TASK PROMPT ▸ Nothing should appear in the answer except the lines from the one containing "by (rule straight_through_drawing_from_chain)" through the end of the listing, repeated exactly.

------ SOURCE MATERIAL

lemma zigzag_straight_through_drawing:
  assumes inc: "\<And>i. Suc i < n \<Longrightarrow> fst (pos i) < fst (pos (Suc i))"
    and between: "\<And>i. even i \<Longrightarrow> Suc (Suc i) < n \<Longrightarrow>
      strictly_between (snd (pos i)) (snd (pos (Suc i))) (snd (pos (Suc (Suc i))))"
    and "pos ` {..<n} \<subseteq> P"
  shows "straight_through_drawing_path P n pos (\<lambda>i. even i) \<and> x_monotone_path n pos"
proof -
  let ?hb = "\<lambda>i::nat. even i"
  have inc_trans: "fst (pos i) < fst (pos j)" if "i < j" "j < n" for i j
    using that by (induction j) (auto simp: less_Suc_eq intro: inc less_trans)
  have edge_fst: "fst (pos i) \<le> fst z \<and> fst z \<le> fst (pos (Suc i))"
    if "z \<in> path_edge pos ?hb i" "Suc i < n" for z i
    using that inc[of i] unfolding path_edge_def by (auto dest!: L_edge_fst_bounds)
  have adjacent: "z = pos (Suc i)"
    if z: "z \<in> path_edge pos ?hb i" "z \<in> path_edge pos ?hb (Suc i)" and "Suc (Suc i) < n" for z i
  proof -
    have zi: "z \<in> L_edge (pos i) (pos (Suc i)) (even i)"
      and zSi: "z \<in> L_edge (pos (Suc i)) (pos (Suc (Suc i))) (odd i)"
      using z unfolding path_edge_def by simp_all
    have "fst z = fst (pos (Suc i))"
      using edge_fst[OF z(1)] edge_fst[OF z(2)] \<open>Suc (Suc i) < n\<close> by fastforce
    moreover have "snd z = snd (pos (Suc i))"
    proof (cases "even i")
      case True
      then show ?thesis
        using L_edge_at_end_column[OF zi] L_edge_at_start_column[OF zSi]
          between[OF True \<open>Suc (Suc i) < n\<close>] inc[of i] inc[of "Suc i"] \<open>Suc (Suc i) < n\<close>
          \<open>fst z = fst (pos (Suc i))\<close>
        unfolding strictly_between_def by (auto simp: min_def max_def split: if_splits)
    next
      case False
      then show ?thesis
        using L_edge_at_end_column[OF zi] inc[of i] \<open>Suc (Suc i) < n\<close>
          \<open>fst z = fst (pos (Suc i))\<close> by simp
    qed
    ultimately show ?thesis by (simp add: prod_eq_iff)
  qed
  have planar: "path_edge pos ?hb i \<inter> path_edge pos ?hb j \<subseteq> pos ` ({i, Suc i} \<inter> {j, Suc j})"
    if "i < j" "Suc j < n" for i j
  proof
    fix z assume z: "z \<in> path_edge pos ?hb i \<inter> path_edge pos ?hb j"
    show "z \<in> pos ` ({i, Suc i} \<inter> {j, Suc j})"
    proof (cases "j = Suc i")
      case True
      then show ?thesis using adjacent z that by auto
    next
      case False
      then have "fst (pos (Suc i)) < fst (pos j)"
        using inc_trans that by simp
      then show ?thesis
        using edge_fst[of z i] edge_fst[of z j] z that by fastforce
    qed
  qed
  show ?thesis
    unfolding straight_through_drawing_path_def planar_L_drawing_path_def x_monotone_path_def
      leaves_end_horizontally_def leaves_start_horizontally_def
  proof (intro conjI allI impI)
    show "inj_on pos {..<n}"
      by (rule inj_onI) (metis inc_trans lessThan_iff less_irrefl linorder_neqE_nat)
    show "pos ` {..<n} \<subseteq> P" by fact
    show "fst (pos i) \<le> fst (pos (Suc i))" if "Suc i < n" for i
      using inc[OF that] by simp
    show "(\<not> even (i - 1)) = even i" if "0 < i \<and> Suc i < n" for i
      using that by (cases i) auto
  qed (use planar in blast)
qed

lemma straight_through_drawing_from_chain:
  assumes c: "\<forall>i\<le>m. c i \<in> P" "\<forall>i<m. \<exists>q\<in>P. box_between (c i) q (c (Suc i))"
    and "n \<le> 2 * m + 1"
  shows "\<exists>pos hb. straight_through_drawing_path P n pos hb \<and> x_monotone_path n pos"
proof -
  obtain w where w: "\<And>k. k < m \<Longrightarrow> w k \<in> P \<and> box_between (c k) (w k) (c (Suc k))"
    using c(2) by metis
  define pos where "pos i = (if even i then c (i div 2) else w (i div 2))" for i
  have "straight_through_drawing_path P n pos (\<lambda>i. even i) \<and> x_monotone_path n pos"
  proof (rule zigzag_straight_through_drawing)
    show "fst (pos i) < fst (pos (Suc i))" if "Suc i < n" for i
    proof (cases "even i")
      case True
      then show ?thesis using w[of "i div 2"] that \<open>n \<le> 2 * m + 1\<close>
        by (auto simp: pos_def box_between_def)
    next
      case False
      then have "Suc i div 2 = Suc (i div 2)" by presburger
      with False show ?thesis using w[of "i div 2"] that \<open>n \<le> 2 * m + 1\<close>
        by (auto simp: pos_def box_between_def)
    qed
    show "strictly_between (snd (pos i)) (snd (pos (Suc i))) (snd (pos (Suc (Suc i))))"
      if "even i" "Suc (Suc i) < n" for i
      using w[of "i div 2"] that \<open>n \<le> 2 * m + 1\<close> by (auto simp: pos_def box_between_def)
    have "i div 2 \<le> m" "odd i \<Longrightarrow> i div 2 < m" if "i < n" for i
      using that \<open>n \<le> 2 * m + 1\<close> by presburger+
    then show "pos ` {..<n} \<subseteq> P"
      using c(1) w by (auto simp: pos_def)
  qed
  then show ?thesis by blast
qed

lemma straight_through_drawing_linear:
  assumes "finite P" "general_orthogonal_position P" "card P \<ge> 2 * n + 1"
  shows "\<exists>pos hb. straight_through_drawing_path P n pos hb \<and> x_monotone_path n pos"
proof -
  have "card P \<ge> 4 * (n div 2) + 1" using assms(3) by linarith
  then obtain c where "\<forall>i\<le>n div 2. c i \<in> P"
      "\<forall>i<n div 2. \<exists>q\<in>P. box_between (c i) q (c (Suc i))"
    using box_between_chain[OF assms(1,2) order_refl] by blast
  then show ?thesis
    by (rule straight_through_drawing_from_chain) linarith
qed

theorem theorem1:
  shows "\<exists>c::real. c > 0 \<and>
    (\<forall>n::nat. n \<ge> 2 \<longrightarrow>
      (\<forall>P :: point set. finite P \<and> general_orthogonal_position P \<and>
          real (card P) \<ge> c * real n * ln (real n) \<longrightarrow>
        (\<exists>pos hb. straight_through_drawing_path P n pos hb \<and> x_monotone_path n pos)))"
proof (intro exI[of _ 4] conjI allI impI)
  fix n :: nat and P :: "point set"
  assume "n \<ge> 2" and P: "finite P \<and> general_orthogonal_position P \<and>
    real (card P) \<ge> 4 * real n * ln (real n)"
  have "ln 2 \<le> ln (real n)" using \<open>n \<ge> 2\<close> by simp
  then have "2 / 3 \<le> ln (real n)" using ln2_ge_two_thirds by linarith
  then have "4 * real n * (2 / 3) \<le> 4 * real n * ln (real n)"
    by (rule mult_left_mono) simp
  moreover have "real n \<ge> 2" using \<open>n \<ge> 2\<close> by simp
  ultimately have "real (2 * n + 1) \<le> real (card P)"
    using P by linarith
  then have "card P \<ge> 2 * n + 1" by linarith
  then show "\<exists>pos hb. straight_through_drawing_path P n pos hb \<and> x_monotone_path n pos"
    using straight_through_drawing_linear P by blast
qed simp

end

------------

OUTPUT ▸
    by (rule straight_through_drawing_from_chain) linarith
qed

theorem theorem1:
  shows "\<exists>c::real. c > 0 \<and>
    (\<forall>n::nat. n \<ge> 2 \<longrightarrow>
      (\<forall>P :: point set. finite P \<and> general_orthogonal_position P \<and>
          real (card P) \<ge> c * real n * ln (real n) \<longrightarrow>
        (\<exists>pos hb. straight_through_drawing_path P n pos hb \<and> x_monotone_path n pos)))"
proof (intro exI[of _ 4] conjI allI impI)
  fix n :: nat and P :: "point set"
  assume "n \<ge> 2" and P: "finite P \<and> general_orthogonal_position P \<and>
    real (card P) \<ge> 4 * real n * ln (real n)"
  have "ln 2 \<le> ln (real n)" using \<open>n \<ge> 2\<close> by simp
  then have "2 / 3 \<le> ln (real n)" using ln2_ge_two_thirds by linarith
  then have "4 * real n * (2 / 3) \<le> 4 * real n * ln (real n)"
    by (rule mult_left_mono) simp
  moreover have "real n \<ge> 2" using \<open>n \<ge> 2\<close> by simp
  ultimately have "real (2 * n + 1) \<le> real (card P)"
    using P by linarith
  then have "card P \<ge> 2 * n + 1" by linarith
  then show "\<exists>pos hb. straight_through_drawing_path P n pos hb \<and> x_monotone_path n pos"
    using straight_through_drawing_linear P by blast
qed simp

end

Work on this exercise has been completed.